GOAL OF THE EXERCISE
Repeat every line of the data verbatim.

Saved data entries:

lemma no_solution_at_square_plus_one:
  fixes r j t p q y :: int
  assumes r: "r = 3 * j + 1" "r \<noteq> 1" and t: "t = r^2 + 1" "even t"
    and eq: "(t^3 - 1) * (t^3 + 1) = p^3 * q^3 * y^2"
    and pq: "prime p" "prime q" "\<not> p dvd t^3 + 1" "\<not> q dvd t^3 - 1"
  shows False
proof -
  define F d e where "F = 3 * (r^2 + 2)" and "d = 3 * j^2 + 3 * j + 1" and "e = r^2 - r + 1"
  note fac = cube_plus_one_factorization_at_square_plus_one[OF r(1), folded F_def d_def e_def t(1)]
  have "coprime (t^3 - 1) (F * d * e)"
    using coprime_cube_minus_one_cube_plus_one[OF t(2)] fac(1) by simp
  then have cA: "coprime F (t^3 - 1)" "coprime d (t^3 - 1)" "coprime e (t^3 - 1)"
    by (simp_all add: coprime_commute)
  have eq': "F * ((t^3 - 1) * d * e) = p^3 * q^3 * y^2" "d * ((t^3 - 1) * F * e) = p^3 * q^3 * y^2"
    "e * ((t^3 - 1) * F * d) = p^3 * q^3 * y^2"
    using eq fac(1) by (simp_all add: ac_simps)
  have np: "\<not> p dvd F" "\<not> p dvd d" "\<not> p dvd e" using pq(3) fac(1) by (auto intro: dvd_mult2 dvd_mult)
  have "q dvd e"
  proof (rule ccontr)
    assume "\<not> q dvd e"
    then obtain w where "e = w^2"
      using coprime_factor_square_prime_cubes[OF eq'(3) fac(7) _ pq(1,2) np(3)] cA fac
      by (auto simp: coprime_commute)
    moreover have "r \<noteq> 0" using r(1) by presburger
    ultimately show False using square_eq_square_minus_self_plus_one[of r w] r(2) by (simp add: e_def)
  qed
  then have nq: "\<not> q dvd F" "\<not> q dvd d"
    using fac pq(2) by (meson coprime_common_divisor not_prime_unit coprime_commute)+
  obtain z where "F = z^2"
    using coprime_factor_square_prime_cubes[OF eq'(1) fac(5) _ pq(1,2) np(1) nq(1)] cA fac by auto
  then have "3 dvd z^2" by (simp add: F_def flip: \<open>F = z^2\<close>)
  then have "3 dvd z" by (simp add: prime_dvd_power_iff)
  obtain b where "d = b^2"
    using coprime_factor_square_prime_cubes[OF eq'(2) fac(6) _ pq(1,2) np(2) nq(2)] cA fac
    by (auto simp: coprime_commute)
  obtain z' where "z = 3 * z'" using \<open>3 dvd z\<close> by blast
  then have "r^2 + 2 = 3 * z'^2" using \<open>F = z^2\<close> by (simp add: F_def power_mult_distrib)
  moreover have "r^2 + r + 1 = 3 * b^2"
    using \<open>d = b^2\<close> unfolding d_def r by (simp add: algebra_simps power2_eq_square)
  ultimately show False using thrice_square_pair_imp_eq_1 r(2) by blast
qed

SOLUTION
lemma no_solution_at_square_plus_one:
  fixes r j t p q y :: int
  assumes r: "r = 3 * j + 1" "r \<noteq> 1" and t: "t = r^2 + 1" "even t"
    and eq: "(t^3 - 1) * (t^3 + 1) = p^3 * q^3 * y^2"
    and pq: "prime p" "prime q" "\<not> p dvd t^3 + 1" "\<not> q dvd t^3 - 1"
  shows False
proof -
  define F d e where "F = 3 * (r^2 + 2)" and "d = 3 * j^2 + 3 * j + 1" and "e = r^2 - r + 1"
  note fac = cube_plus_one_factorization_at_square_plus_one[OF r(1), folded F_def d_def e_def t(1)]
  have "coprime (t^3 - 1) (F * d * e)"
    using coprime_cube_minus_one_cube_plus_one[OF t(2)] fac(1) by simp
  then have cA: "coprime F (t^3 - 1)" "coprime d (t^3 - 1)" "coprime e (t^3 - 1)"
    by (simp_all add: coprime_commute)
  have eq': "F * ((t^3 - 1) * d * e) = p^3 * q^3 * y^2" "d * ((t^3 - 1) * F * e) = p^3 * q^3 * y^2"
    "e * ((t^3 - 1) * F * d) = p^3 * q^3 * y^2"
    using eq fac(1) by (simp_all add: ac_simps)
  have np: "\<not> p dvd F" "\<not> p dvd d" "\<not> p dvd e" using pq(3) fac(1) by (auto intro: dvd_mult2 dvd_mult)
  have "q dvd e"
  proof (rule ccontr)
    assume "\<not> q dvd e"
    then obtain w where "e = w^2"
      using coprime_factor_square_prime_cubes[OF eq'(3) fac(7) _ pq(1,2) np(3)] cA fac
      by (auto simp: coprime_commute)
    moreover have "r \<noteq> 0" using r(1) by presburger
    ultimately show False using square_eq_square_minus_self_plus_one[of r w] r(2) by (simp add: e_def)
  qed
  then have nq: "\<not> q dvd F" "\<not> q dvd d"
    using fac pq(2) by (meson coprime_common_divisor not_prime_unit coprime_commute)+
  obtain z where "F = z^2"
    using coprime_factor_square_prime_cubes[OF eq'(1) fac(5) _ pq(1,2) np(1) nq(1)] cA fac by auto
  then have "3 dvd z^2" by (simp add: F_def flip: \<open>F = z^2\<close>)
  then have "3 dvd z" by (simp add: prime_dvd_power_iff)
  obtain b where "d = b^2"
    using coprime_factor_square_prime_cubes[OF eq'(2) fac(6) _ pq(1,2) np(2) nq(2)] cA fac
    by (auto simp: coprime_commute)
  obtain z' where "z = 3 * z'" using \<open>3 dvd z\<close> by blast
  then have "r^2 + 2 = 3 * z'^2" using \<open>F = z^2\<close> by (simp add: F_def power_mult_distrib)
  moreover have "r^2 + r + 1 = 3 * b^2"
    using \<open>d = b^2\<close> unfolding d_def r by (simp add: algebra_simps power2_eq_square)
  ultimately show False using thrice_square_pair_imp_eq_1 r(2) by blast
qed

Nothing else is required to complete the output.